Conviene subrayar que la duda cartesiana no es una duda escéptica. En ningún caso pretende Descartes destruir todas las verdades conocidas, rechazar las posibilidades del conocimiento, o negar nuestra capacidad de conocer lo real. Su duda pretende “tan sólo buscar la verdad”: se trata de una estrategia, un camino cuyo destino último no es la suspensión del juicio o la incertidumbre, sino la verdad evidente. De hecho, ya desde el planteamiento del método se muestra Descartes convencido de que es posible alcanzar este tipo de verdades. De lo que se trata por tanto es de poner a prueba nuestro conocimiento, con el objetivo de ver cuál resiste la prueba de la duda y puede servirnos para construir el edificio del saber. Aunque aparentemente la duda pueda parecer una estrategia destructiva, su propósito es, por el contrario, constructivo, y está muy alejado tanto del escepticismo clásico, como del que se deriva de tesis empiristas como las que defenderá David Hume.

Por lo tanto, aplicando la regla de la evidencia, nos vemos obligados a poner entre paréntesis todas nuestras creencias, incluso aquellas más sólidas y cotidianas. Todo lo dudable no puede ser más que un débil fundamento para la metafísica buscada. Por todo ello, Descartes extiende la duda de un modo gradual:

  1. En primer lugar comienza dudando de nuestros sentidos: si éstos nos engañan a veces y creemos percibir cosas que en realidad no estamos percibiendo, nada impide que verdaderamente nos estén engañando siempre, y todos los datos que nos llegan a través de los sentidos sean en realidad falsos.
  2. Pero también es posible dudar de nuestra razón: cuántas veces nos equivocamos resolviendo cualquier problema, o siguiendo razonamientos de tipo lógico o matemático. Si nos equivocamos alguna vez, sería posible también que nos equivoquemos siempre, y pensemos que razonamos de un modo correcto, cuando en realidad vivimos en el error permanente.
  3. Pudiera parecer que es exagerado dudar siempre de los sentidos y la razón por el hecho de que éstos fallen alguna vez. Sin embargo, sí cabe plantearse hipótesis teóricas que lleven la duda más lejos. De hecho, argumenta Descartes, no somos capaces de distinguir la vigilia y el sueño: todo lo que percibimos y razonamos mientras soñamos nos parece tan vívido y real como lo que experimentamos despiertos, y no somos conscientes de que estamos soñando. ¿Acaso no podría ser la vida un mero sueño, una ilusión? Ni siquiera tenemos la certeza de que el mundo real que percibimos exista realmente.
  4. Llevando la duda hasta los límites más insospechados, Descartes se plantea aún otro motivo para dudar: ¿Y si existiera un genio maligno dedicado exclusivamente a que me engañe, es decir, a que perciba el mundo permanentemente de un modo erróneo, y a que cada vez que razono me equivoque? La hipótesis del genio maligno nos deja completamente inermes e indefensos ante la duda, y aunque parezca una posibilidad inaceptable, hemos de entenderla dentro del proceso cartesiano de búsqueda de la verdad.

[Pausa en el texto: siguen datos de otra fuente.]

(* Let $s\in(0,1)$, $p\ge1$, set $\kappa_*=\frac{N}{N-sp}$ if $sp<N$ and $\kappa_*=2$ if $sp\ge N$, and $\kappa=1+\frac{2(\kappa_*-1)}{p\kappa_*}$. There exists $C=C(s,p,N)>0$ such that for every $R>0$, $d\in(0,1)$, $t_1<t_2$, and every $u\in L^p(t_1,t_2;W^{s,p}(K_R))\cap L^\infty(t_1,t_2;L^2(K_R))$ with $u(\cdot,t)$ compactly supported in $K_{(1-d)R}$ for a.e. $t\in(t_1,t_2)$, $$\int_{t_1}^{t_2}\!\int_{K_R}|u|^{\kappa p}dxdt\le C\Big(R^{sp}\int_{t_1}^{t_2}\!\int_{K_R}\!\int_{K_R}\frac{|u(x,t)-u(y,t)|^p}{|x-y|^{N+sp}}dxdydt+\frac{1}{d^{N+sp}}\int_{t_1}^{t_2}\!\int_{K_R}|u|^pdxdt\Big)\Big(\operatorname*{ess\,sup}_{t_1<t<t_2}\frac{1}{|K_R|}\int_{K_R}|u(x,t)|^2dx\Big)^{\frac{\kappa_*-1}{\kappa_*}}.$$
   Context: $W^{s,p}(K_R)=\{v\in L^p(K_R):\int_{K_R}\int_{K_R}|v(x)-v(y)|^p|x-y|^{-N-sp}dxdy<\infty\}$; $K_R$ and $K_{(1-d)R}$ are concentric open balls in $\mathbb R^N$. *)

theory Defs
  imports "HOL-Analysis.Analysis" "HOL-Probability.Essential_Supremum"
begin

definition kappa_star :: "nat \<Rightarrow> real \<Rightarrow> real \<Rightarrow> real" where
  "kappa_star N s p = (if s * p < real N then real N / (real N - s * p) else 2)"

definition kappa :: "nat \<Rightarrow> real \<Rightarrow> real \<Rightarrow> real" where
  "kappa N s p = 1 + 2 * (kappa_star N s p - 1) / (p * kappa_star N s p)"

definition par_gagliardo :: "('a::euclidean_space \<Rightarrow> real \<Rightarrow> real) \<Rightarrow> 'a set \<Rightarrow> real set \<Rightarrow> real \<Rightarrow> real \<Rightarrow> ennreal" where
  "par_gagliardo u K I s p =
     (\<integral>\<^sup>+ t. (\<integral>\<^sup>+ x. (\<integral>\<^sup>+ y.
        ennreal (\<bar>u x t - u y t\<bar> powr p / norm (x - y) powr (real DIM('a) + s * p))
        * indicator K y \<partial>lborel) * indicator K x \<partial>lborel) * indicator I t \<partial>lborel)"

Si cualquiera de nosotros sigue este camino de la duda, se irá dando cuenta de que progresivamente vamos perdiendo contacto con la realidad, hasta quedar completamente entregados al escepticismo: ya no podemos estar seguros de ninguna verdad sobre el mundo, y nuestra capacidad de razonamiento se ve radicalmente cuestionada. Ninguna de nuestras creencias (basadas la mayoría en la experiencia, en la tradición, en las costumbres o en la autoridad) sobreviviría a este ejercicio filosófico que Descartes propone. Sin embargo, en el mismo acto de dudar Descartes encuentra una primera verdad indubitable sobre la que fundar su sistema: de la duda surge un “resto indubitable”, una verdad que resiste toda duda, incluso la extraña hipótesis del genio maligno: “estoy dudando”. En el acto de dudar puedo eliminar todo contenido, cualquier objeto de la duda. Puedo dudar de todo. Pero de lo que no puedo poner en duda es que estoy dudando, por lo cual “pongo” la duda. Dado que la duda es una forma de pensamiento, Descartes concluye: “pienso luego existo”, primer principio absolutamente evidente de su filosofía. Sobre el cogito cartesiano debemos tener en cuenta los siguientes aspectos:

  1. En primer lugar, llama la atención que Descartes no diga “dudo, luego existo”, sino “pienso, luego existo”. El pensamiento (cogitatio, actividad de pensar) es para Descartes todo aquello que ocurre en nosotros, todo acto consciente del espíritu. De lo que se trata es, por tanto, de la conciencia. En la filosofía cartesiana el mundo queda encerrado dentro de la conciencia, y como veremos más adelante, habrá muchas dificultades para volver a contactar con la realidad. El mundo termina subjetivizado como contenido de conciencia. Esta subjetivización implica que la evidencia se da sólo en el interior del sujeto. Ortega solía decir, de un modo muy gráfico, que Descartes encierra el mundo en la garita del pensamiento: para el sujeto es evidente su experiencia de la conciencia, pero no puede salir de ahí. Es el acto de pensar (cogitatio) lo que resulta evidente a la conciencia, pero no el contenido (cogitatum) de ese pensamiento. En cierta forma, este problema de la subjetivización va a estar presente en toda la modernidad, y a menudo se estará cerca del solipsismo.
  2. La verdad del cogito no deriva de ningún tipo de deducción, sino que es una intuición pura, inmediata y evidente de la conciencia. Se trata de una idea clara y distinta de la conciencia, que no es sólo conciencia del mundo, sino, de un modo mucho más profundo y primordial, conciencia de sí misma.
  3. La formulación del cogito no es del todo novedosa. Ya San Agustín (siglo IV d.C.) había escrito “si fallor, enim sum”. Sin embargo, lo que sí es original y particularmente importante es la función que desempeña el cogito en la filosofía cartesiana. Es la primera verdad sobre la que se fundan todas las demás, y sin la cual las demás carecerían de sentido. Descartes se descubre a sí mismo como algo que piensa, y a partir de este pensamiento llega a su existencia. Al menos en tanto que pensamiento, tiene que tener algún tipo de existencia. Por eso, la evidencia del cogito nos orienta ya hacia otro concepto central de la filosofía cartesiana: la sustancia. El “pienso luego existo” nos obliga a intuir un “yo”, una sustancia que existe y cuya esencia es el pensar. Y esto nos lleva a indagar el concepto de sustancia.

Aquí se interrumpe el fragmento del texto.